From Gabriel García Márquez’s The Autumn of the Patriarch, a stunning and mystical novel about an aging tyrant, translated from the Spanish by Gregory Rabassa:

He played endless games of dominoes with my lifetime friend General Rodrigo de Aguilar and my old friend the minister of health who were the only ones who had enough of his confidence to ask him to free a prisoner or pardon someone condemned to death, and the only ones who dared ask him to received in a special audience the beauty queen of the poor, an incredible creature from that miserable wallow we called the dogfight district because all the dogs in the neighborhood had been fighting for many years without a moment’s truce, a lethal redoubt where national guard patrols did not enter because they would be stripped naked and cars were broken up into their smallest parts with a flick of the hand, where poor stray donkeys would enter by one end of the street and come out the other in a bag of bones, they roasted the sons of the rich, general sir, they sold them in the market turned into sausages, just imagine, because Manuela Sanchez of my evil luck had been born there and lived there, a dungheap of marigold whose remarkable beauty was the astonishment of the nation general sir, and he felt so intrigued by the revelation that if all this is as true as you people say I’ll not only receive her in a special audience but I’ll dance the first waltz with her, by God, have them write it up in the newspapers, he ordered, this kind of crap makes a big hit with the poor.

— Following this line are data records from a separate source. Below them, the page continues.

lemma map_half_step_replicate_pmf:
  "map_pmf (half_step b) (replicate_pmf (n + n) p) = replicate_pmf n (half_step_pmf b p)"
proof -
  have "map_pmf (half_step b) (replicate_pmf (n + n) p)
      = bind_pmf (replicate_pmf n p) (\<lambda>xs. map_pmf (\<lambda>ys. half_step b (xs @ ys)) (replicate_pmf n p))"
    by (simp add: replicate_pmf_add_map map_bind_pmf map_pmf_comp o_def)
  also have "\<dots> = bind_pmf (replicate_pmf n p)
      (\<lambda>xs. map_pmf (map2 (\<lambda>x y. if b then (x + y) / 2 else x * y) xs) (replicate_pmf n p))"
    by (intro bind_pmf_cong refl map_pmf_cong) (auto simp: half_step_def length_in_replicate_pmf)
  also have "\<dots> = replicate_pmf n (half_step_pmf b p)"
    by (simp add: replicate_pmf_map2 half_step_pmf_def)
  finally show ?thesis .
qed

lemma map_transf_replicate_pmf:
  "map_pmf (\<lambda>ys. transf ys xi) (replicate_pmf (2 ^ length xi * n) p) = replicate_pmf n (transf_pmf p xi)"
proof (induction xi arbitrary: p)
  case Nil
  then show ?case by simp
next
  case (Cons b bs)
  have len: "2 ^ length (b # bs) * n = 2 ^ length bs * n + 2 ^ length bs * n" by simp
  have "map_pmf (\<lambda>ys. transf ys (b # bs)) (replicate_pmf (2 ^ length (b # bs) * n) p)
      = map_pmf (\<lambda>ys. transf ys bs)
          (map_pmf (half_step b) (replicate_pmf (2 ^ length bs * n + 2 ^ length bs * n) p))"
    by (simp only: len map_pmf_comp transf.simps)
  also have "\<dots> = replicate_pmf n (transf_pmf p (b # bs))"
    by (simp only: map_half_step_replicate_pmf Cons.IH transf_pmf.simps)
  finally show ?case .
qed

lemma expect_transf:
  assumes "\<bar>e\<bar> \<le> 1" "length xi \<le> m"
  shows "expect e (2 ^ m) (\<lambda>ys. G (transf ys xi))
       = E (replicate_pmf (2 ^ (m - length xi)) (transf_pmf (bsc_pmf e) xi)) G"
proof -
  have m: "(2::nat) ^ m = 2 ^ length xi * 2 ^ (m - length xi)"
    using assms(2) by (simp flip: power_add)
  have "expect e (2 ^ m) (\<lambda>ys. G (transf ys xi))
      = E (map_pmf (\<lambda>ys. transf ys xi) (replicate_pmf (2 ^ length xi * 2 ^ (m - length xi)) (bsc_pmf e))) G"
    using assms(1) by (simp only: m expect_eq_replicate_pmf integral_map_pmf)
  then show ?thesis by (simp only: map_transf_replicate_pmf)
qed

section \<open>Sub-Gaussian symbols\<close>

definition subgaussian :: "real pmf \<Rightarrow> real \<Rightarrow> real \<Rightarrow> bool" where
  "subgaussian p \<mu> v \<longleftrightarrow> (\<forall>s. E p (\<lambda>x. exp (s * (x - \<mu>))) \<le> exp (s\<^sup>2 * v / 2))"

definition unit_subgaussian :: "real pmf \<Rightarrow> real \<Rightarrow> real \<Rightarrow> bool" where
  "unit_subgaussian p \<mu> v \<longleftrightarrow> finite (set_pmf p) \<and> set_pmf p \<subseteq> {-1..1} \<and>
     E p (\<lambda>x. x) = \<mu> \<and> 0 \<le> v \<and> subgaussian p \<mu> v"

lemma hoeffding_mgf_unit_interval:
  fixes f :: "real \<Rightarrow> real"
  assumes "finite (set_pmf p)" "\<And>x. x \<in> set_pmf p \<Longrightarrow> f x \<in> {-1..1}" "l > 0"
  shows "E p (\<lambda>x. exp (l * (f x - E p f))) \<le> exp (l\<^sup>2 / 2)"
proof -
  interpret interval_bounded_random_variable "measure_pmf p" f "-1" 1
    by unfold_locales (use assms(2) in \<open>simp_all add: AE_measure_pmf_iff\<close>)
  have "ennreal (E p (\<lambda>x. exp (l * (f x - E p f))))
      = (\<integral>\<^sup>+x. ennreal (exp (l * (f x - E p f))) \<partial>measure_pmf p)"
    by (rule nn_integral_eq_integral[symmetric]) (simp_all add: integrable_measure_pmf_finite assms(1))
  also have "\<dots> \<le> ennreal (exp (l\<^sup>2 * (1 - -1)\<^sup>2 / 8))"
    by (rule Hoeffdings_lemma_nn_integral[OF assms(3)])
  finally show ?thesis by (subst (asm) ennreal_le_iff) simp_all
qed

lemma subgaussian_unit_interval:
  assumes "finite (set_pmf p)" "set_pmf p \<subseteq> {-1..1}"
  shows "subgaussian p (E p (\<lambda>x. x)) 1"
  unfolding subgaussian_def
proof
  fix s :: real
  consider "s > 0" | "s = 0" | "s < 0" by linarith
  then show "E p (\<lambda>x. exp (s * (x - E p (\<lambda>x. x)))) \<le> exp (s\<^sup>2 * 1 / 2)"
  proof cases
    case 1
    have "E p (\<lambda>x. exp (s * (x - E p (\<lambda>x. x)))) \<le> exp (s\<^sup>2 / 2)"
      by (rule hoeffding_mgf_unit_interval) (use assms 1 in auto)
    then show ?thesis by simp
  next
    case 3
    have "E p (\<lambda>x. exp ((-s) * (-x - E p (\<lambda>x. -x)))) \<le> exp ((-s)\<^sup>2 / 2)"
      by (rule hoeffding_mgf_unit_interval) (use assms 3 in auto)
    then show ?thesis by (simp add: algebra_simps)
  qed simp
qed

lemma finite_set_half_step_pmf: "finite (set_pmf p) \<Longrightarrow> finite (set_pmf (half_step_pmf b p))"
  by (simp add: half_step_pmf_def)

lemma set_half_step_pmf_unit_interval:
  assumes "set_pmf p \<subseteq> {-1..1}"
  shows "set_pmf (half_step_pmf b p) \<subseteq> {-1..1}"
proof
  fix z assume "z \<in> set_pmf (half_step_pmf b p)"
  then obtain x y where "x \<in> set_pmf p" "y \<in> set_pmf p" "z = (if b then (x + y) / 2 else x * y)"
    unfolding half_step_pmf_def by (simp only: set_bind_pmf set_map_pmf) blast
  moreover from this have "\<bar>x\<bar> \<le> 1" "\<bar>y\<bar> \<le> 1" using assms by fastforce+
  ultimately have "\<bar>z\<bar> \<le> 1" by (auto simp: abs_mult mult_le_one)
  then show "z \<in> {-1..1}" by auto
qed

lemma expectation_half_step_pmf:
  "finite (set_pmf p) \<Longrightarrow>
     E (half_step_pmf b p) h = E p (\<lambda>x. E p (\<lambda>y. h (if b then (x + y) / 2 else x * y)))"
  unfolding half_step_pmf_def by (subst expectation_bind_pmf_finite) simp_all

lemma unit_subgaussian_average:
  assumes "unit_subgaussian p \<mu> v"
  shows "unit_subgaussian (half_step_pmf True p) \<mu> (v / 2)"
proof -
  from assms have fin: "finite (set_pmf p)" and bd: "set_pmf p \<subseteq> {-1..1}"
    and mean: "E p (\<lambda>x. x) = \<mu>" and "0 \<le> v" and mgf: "\<And>s. E p (\<lambda>x. exp (s * (x - \<mu>))) \<le> exp (s\<^sup>2 * v / 2)"
    unfolding unit_subgaussian_def subgaussian_def by auto
  have "E (half_step_pmf True p) (\<lambda>z. z) = E p (\<lambda>x. E p (\<lambda>y. (1/2) * y + x / 2))"
    using fin by (simp add: expectation_half_step_pmf add_divide_distrib add.commute)
  also have "\<dots> = E p (\<lambda>x. (1/2) * x + \<mu> / 2)"
  proof -
    have "E p (\<lambda>y. (1/2) * y + x / 2) = (1/2) * x + \<mu> / 2" for x
      using expectation_pmf_affine[OF fin, of "1/2" "x/2"] mean by simp
    then show ?thesis by simp
  qed
  also have "\<dots> = (1/2) * \<mu> + \<mu> / 2"
    by (metis expectation_pmf_affine fin mean)
  also have "\<dots> = \<mu>" by simp
  finally have mean': "E (half_step_pmf True p) (\<lambda>z. z) = \<mu>" .
  have "E (half_step_pmf True p) (\<lambda>z. exp (s * (z - \<mu>))) \<le> exp (s\<^sup>2 * (v / 2) / 2)" for s
  proof -
    define A where "A = E p (\<lambda>y. exp ((s/2) * (y - \<mu>)))"
    have "E (half_step_pmf True p) (\<lambda>z. exp (s * (z - \<mu>)))
        = E p (\<lambda>x. E p (\<lambda>y. exp ((s/2) * (x - \<mu>)) * exp ((s/2) * (y - \<mu>))))"
      using fin by (simp add: expectation_half_step_pmf exp_add[symmetric] algebra_simps
          diff_divide_distrib add_divide_distrib)
    also have "\<dots> = A * A" unfolding A_def by simp
    also have "\<dots> \<le> exp ((s/2)\<^sup>2 * v / 2) * exp ((s/2)\<^sup>2 * v / 2)"
      using mgf[of "s/2"] by (intro mult_mono) (auto simp: A_def intro!: expectation_pmf_nonneg)
    also have "\<dots> = exp (s\<^sup>2 * (v / 2) / 2)"
      by (simp add: exp_add[symmetric] power2_eq_square field_simps)
    finally show ?thesis .
  qed
  then show ?thesis
    using finite_set_half_step_pmf[OF fin] set_half_step_pmf_unit_interval[OF bd] mean' \<open>0 \<le> v\<close>
    unfolding unit_subgaussian_def subgaussian_def by auto
qed

lemma subgaussian_product:
  assumes "unit_subgaussian p \<mu> v"
  shows "subgaussian (half_step_pmf False p) (\<mu>\<^sup>2) (v * (1 + \<mu>\<^sup>2))"
  unfolding subgaussian_def
proof
  fix s :: real
  from assms have fin: "finite (set_pmf p)" and bd: "set_pmf p \<subseteq> {-1..1}"
    and "0 \<le> v" and mgf: "\<And>s. E p (\<lambda>x. exp (s * (x - \<mu>))) \<le> exp (s\<^sup>2 * v / 2)"
    unfolding unit_subgaussian_def subgaussian_def by auto
  text \<open>Write \<open>xy - \<mu>\<^sup>2 = \<mu> (x - \<mu>) + x (y - \<mu>)\<close> and integrate out \<open>y\<close> first, using \<open>x\<^sup>2 \<le> 1\<close>.\<close>
  have "E (half_step_pmf False p) (\<lambda>z. exp (s * (z - \<mu>\<^sup>2)))
      = E p (\<lambda>x. E p (\<lambda>y. exp ((s * \<mu>) * (x - \<mu>)) * exp ((s * x) * (y - \<mu>))))"
    using fin by (simp add: expectation_half_step_pmf exp_add[symmetric] algebra_simps power2_eq_square)
  also have "\<dots> = E p (\<lambda>x. exp ((s * \<mu>) * (x - \<mu>)) * E p (\<lambda>y. exp ((s * x) * (y - \<mu>))))"
    by simp
  also have "\<dots> \<le> E p (\<lambda>x. exp ((s * \<mu>) * (x - \<mu>)) * exp (s\<^sup>2 * v / 2))"
  proof (rule expectation_pmf_mono[OF fin])
    fix x assume "x \<in> set_pmf p"
    then have "\<bar>x\<bar> \<le> 1" using bd by fastforce
    then have "x\<^sup>2 \<le> 1" by (simp add: abs_square_le_1)
    then have "x\<^sup>2 * v \<le> v" using \<open>0 \<le> v\<close> by (simp add: mult_left_le_one_le)
    then have "(s * x)\<^sup>2 * v / 2 \<le> s\<^sup>2 * v / 2"
      by (simp add: power_mult_distrib mult.assoc mult_left_mono)
    then have "E p (\<lambda>y. exp ((s * x) * (y - \<mu>))) \<le> exp (s\<^sup>2 * v / 2)"
      using mgf[of "s * x"] by (meson exp_le_cancel_iff order_trans)
    then show "exp ((s * \<mu>) * (x - \<mu>)) * E p (\<lambda>y. exp ((s * x) * (y - \<mu>)))
             \<le> exp ((s * \<mu>) * (x - \<mu>)) * exp (s\<^sup>2 * v / 2)"
      by (simp add: mult_left_mono)
  qed
  also have "\<dots> = E p (\<lambda>x. exp ((s * \<mu>) * (x - \<mu>))) * exp (s\<^sup>2 * v / 2)" by simp
  also have "\<dots> \<le> exp ((s * \<mu>)\<^sup>2 * v / 2) * exp (s\<^sup>2 * v / 2)"
    using mgf[of "s * \<mu>"] by (simp add: mult_right_mono)
  also have "\<dots> = exp (s\<^sup>2 * (v * (1 + \<mu>\<^sup>2)) / 2)"
    by (simp add: exp_add[symmetric] power_mult_distrib field_simps)
  finally show "E (half_step_pmf False p) (\<lambda>z. exp (s * (z - \<mu>\<^sup>2))) \<le> exp (s\<^sup>2 * (v * (1 + \<mu>\<^sup>2)) / 2)" .
qed

lemma unit_subgaussian_product:
  assumes "unit_subgaussian p \<mu> v"
  shows "unit_subgaussian (half_step_pmf False p) (\<mu>\<^sup>2) (min 1 (v * (1 + \<mu>\<^sup>2)))"
proof -
  from assms have fin: "finite (set_pmf p)" and bd: "set_pmf p \<subseteq> {-1..1}"
    and mean: "E p (\<lambda>x. x) = \<mu>" and "0 \<le> v"
    unfolding unit_subgaussian_def by auto
  have fin': "finite (set_pmf (half_step_pmf False p))"
    using fin by (rule finite_set_half_step_pmf)
  have bd': "set_pmf (half_step_pmf False p) \<subseteq> {-1..1}"
    using bd by (rule set_half_step_pmf_unit_interval)
  have mean': "E (half_step_pmf False p) (\<lambda>z. z) = \<mu>\<^sup>2"
    using fin by (simp add: expectation_half_step_pmf mean power2_eq_square)
  have "subgaussian (half_step_pmf False p) (\<mu>\<^sup>2) 1"
    using subgaussian_unit_interval[OF fin' bd'] mean' by simp
  with subgaussian_product[OF assms]
  have "subgaussian (half_step_pmf False p) (\<mu>\<^sup>2) (min 1 (v * (1 + \<mu>\<^sup>2)))"
    by (cases "v * (1 + \<mu>\<^sup>2) \<le> 1") (simp_all add: min_def)
  then show ?thesis
    using fin' bd' mean' \<open>0 \<le> v\<close> by (simp add: unit_subgaussian_def)
qed

lemma unit_subgaussian_bsc_pmf:
  assumes "0 \<le> e" "e \<le> 1"
  shows "unit_subgaussian (bsc_pmf e) e 1"
proof -
  have bd: "set_pmf (bsc_pmf e) \<subseteq> {-1..1}" using set_bsc_pmf by fastforce
  have mean: "E (bsc_pmf e) (\<lambda>x. x) = e" using assms by (simp add: expectation_bsc_pmf field_simps)
  show ?thesis
    using subgaussian_unit_interval[OF finite_set_bsc_pmf bd] finite_set_bsc_pmf bd mean
    by (simp add: unit_subgaussian_def)
qed

lemma unit_subgaussian_transf_pmf:
  assumes "unit_subgaussian p \<mu> v" "0 \<le> \<mu>" "\<mu> \<le> 1" "0 < v"
  shows "\<exists>v'. unit_subgaussian (transf_pmf p xi) (\<mu> ^ 2 ^ count_list xi False) v' \<and> 0 < v' \<and>
           v' \<le> v * (1 + \<mu>\<^sup>2) ^ count_list xi False / 2 ^ count_list xi True \<and> (v \<le> 1 \<longrightarrow> v' \<le> 1)"
  using assms
proof (induction xi arbitrary: p \<mu> v)
  case Nil
  then show ?case by auto
next
  case (Cons b bs)
  show ?case
  proof (cases b)
    case True
    obtain v' where "unit_subgaussian (transf_pmf (half_step_pmf True p) bs) (\<mu> ^ 2 ^ count_list bs False) v'"
      "0 < v'" "v' \<le> (v / 2) * (1 + \<mu>\<^sup>2) ^ count_list bs False / 2 ^ count_list bs True"
      "v / 2 \<le> 1 \<longrightarrow> v' \<le> 1"
      using Cons.IH[OF unit_subgaussian_average[OF Cons.prems(1)] Cons.prems(2,3)] Cons.prems(4) by auto
    with True show ?thesis by (intro exI[of _ v']) auto
  next
    case False
    define w where "w = min 1 (v * (1 + \<mu>\<^sup>2))"
    have w: "0 < w" "w \<le> 1" "w \<le> v * (1 + \<mu>\<^sup>2)"
      using Cons.prems(4) by (auto simp: w_def add_pos_nonneg)
    have \<mu>2: "0 \<le> \<mu>\<^sup>2" "\<mu>\<^sup>2 \<le> 1" using Cons.prems(2,3) by (auto simp: power_le_one)
    obtain v' where v': "unit_subgaussian (transf_pmf (half_step_pmf False p) bs) ((\<mu>\<^sup>2) ^ 2 ^ count_list bs False) v'"
      "0 < v'" "v' \<le> w * (1 + (\<mu>\<^sup>2)\<^sup>2) ^ count_list bs False / 2 ^ count_list bs True" "v' \<le> 1"
      using Cons.IH[OF unit_subgaussian_product[OF Cons.prems(1), folded w_def] \<mu>2 w(1)] w(2) by auto
    have "(\<mu>\<^sup>2)\<^sup>2 \<le> \<mu>\<^sup>2" using \<mu>2 by (simp add: power2_eq_square mult_left_le_one_le)
    then have "w * (1 + (\<mu>\<^sup>2)\<^sup>2) ^ count_list bs False \<le> (v * (1 + \<mu>\<^sup>2)) * (1 + \<mu>\<^sup>2) ^ count_list bs False"
      using w by (intro mult_mono power_mono) auto
    then have "v' \<le> v * (1 + \<mu>\<^sup>2) ^ count_list (b # bs) False / 2 ^ count_list (b # bs) True"
      using v'(3) False by (simp add: divide_right_mono mult.assoc order_trans)
    moreover have "(\<mu>\<^sup>2) ^ 2 ^ count_list bs False = \<mu> ^ 2 ^ count_list (b # bs) False"
      using False by (simp add: power_mult[symmetric] mult.commute)
    ultimately show ?thesis using v' w False by (intro exI[of _ v']) auto
  qed
qed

My editor recommended this novel to me a few weeks ago. I am especially taken with the narration, which comes in the form of the general’s voice, but also the voices of his lieutenants and the voices of his people. It is a structure-less and plot-less wonder, one that cannot be broken down, but must be enjoyed whole, like all of Márquez work.

Photo: Miguel Tovar/AP.



New Novel: The Moor’s Account

How do you get ideas for your novels? This question, or some version of it, comes up at nearly every reading I give. Since the answer this time around is a little unusual, I thought I’d share it with you.

In the fall of 2009, I was working on an essay for The Nation magazine about Christopher Caldwell’s polemic on Muslim immigration, Reflections on the Revolution in Europe. As part of my research for the essay, I picked up Anouar Majid’s We Are All Moors, which places recent Muslim immigration in the context of a larger debate around Muslim presence in Europe, a debate that started before the expulsion of Moriscos (Spaniards of Muslim descent) from Spain in 1609.

Halfway through We Are All Moors, I came across a brief mention of a certain Estebanico, a Moroccan slave who was said to be a companion of the explorer Cabeza de Vaca. The story of Alvar Nuñez Cabeza de Vaca is well known. In 1527, he and several hundred Spaniards landed in Florida as part of the Narváez expedition. The conquistadors were looking for gold, but within a year they became lost in the unfamiliar continent and only four of them survived. Cabeza de Vaca and the other survivors traveled across America, living with Indian tribes for many years. But I had not known about Estebanico, the Moroccan slave.

Why haven’t I heard of him, I wondered. Who was he? What was his real name? How did he end up in this expedition? So I read Cabeza de Vaca’s Chronicle of the Narváez Expedition, and was immediately struck by this narrative, by what it emphasized and what it left out. I decided I wanted to write Estebanico’s version of this famed journey. It is now almost four years later, and I am thrilled to report that The Moor’s Account will be published by Pantheon in 2014. I will, of course, have more updates about the book as the publication date draws near.

Image: Alfred Russell, Alvar Nuñez Cabeza de Vaca and His Companions Lost on the Shore of the Gulf of Mexico, 1528. The Granger Collection. New York.